#### [INSTRUCTIONS FOR THE TASK]
Nothing but the lines from the one containing "proof (rule inj_onI)" through the one containing "fix m assume", both included, should be given again, each exactly as written below.

#### [DATA EXCERPTS]

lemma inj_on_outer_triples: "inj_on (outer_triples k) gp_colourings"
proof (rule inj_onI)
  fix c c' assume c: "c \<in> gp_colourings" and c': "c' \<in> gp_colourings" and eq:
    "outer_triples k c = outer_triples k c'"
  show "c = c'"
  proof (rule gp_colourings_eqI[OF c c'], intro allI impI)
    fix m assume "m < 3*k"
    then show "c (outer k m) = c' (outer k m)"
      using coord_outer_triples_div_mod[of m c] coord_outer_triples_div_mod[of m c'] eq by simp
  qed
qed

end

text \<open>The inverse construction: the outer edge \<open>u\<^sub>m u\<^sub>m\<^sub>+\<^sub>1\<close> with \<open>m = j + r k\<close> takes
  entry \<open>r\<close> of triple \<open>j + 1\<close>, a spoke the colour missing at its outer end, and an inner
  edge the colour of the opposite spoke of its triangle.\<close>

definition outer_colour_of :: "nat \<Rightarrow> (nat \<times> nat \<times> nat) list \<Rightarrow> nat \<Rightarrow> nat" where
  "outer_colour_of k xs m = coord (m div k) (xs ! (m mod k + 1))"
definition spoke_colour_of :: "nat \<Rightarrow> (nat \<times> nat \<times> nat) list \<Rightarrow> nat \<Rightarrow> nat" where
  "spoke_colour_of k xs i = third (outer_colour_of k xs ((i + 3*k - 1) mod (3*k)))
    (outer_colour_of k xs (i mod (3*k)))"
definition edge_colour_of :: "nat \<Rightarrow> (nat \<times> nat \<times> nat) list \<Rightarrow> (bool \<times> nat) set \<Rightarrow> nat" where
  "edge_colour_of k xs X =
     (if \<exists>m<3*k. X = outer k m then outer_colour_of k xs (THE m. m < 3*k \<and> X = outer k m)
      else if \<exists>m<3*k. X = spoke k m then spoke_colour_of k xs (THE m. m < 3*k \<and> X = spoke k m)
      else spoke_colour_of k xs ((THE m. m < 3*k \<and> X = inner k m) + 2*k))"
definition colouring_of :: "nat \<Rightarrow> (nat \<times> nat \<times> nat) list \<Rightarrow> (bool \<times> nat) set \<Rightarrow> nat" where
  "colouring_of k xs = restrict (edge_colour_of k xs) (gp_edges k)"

#### [ANSWER TO THIS TASK]
proof (rule inj_onI)
  fix c c' assume c: "c \<in> gp_colourings" and c': "c' \<in> gp_colourings" and eq:
    "outer_triples k c = outer_triples k c'"
  show "c = c'"
  proof (rule gp_colourings_eqI[OF c c'], intro allI impI)
    fix m assume "m < 3*k"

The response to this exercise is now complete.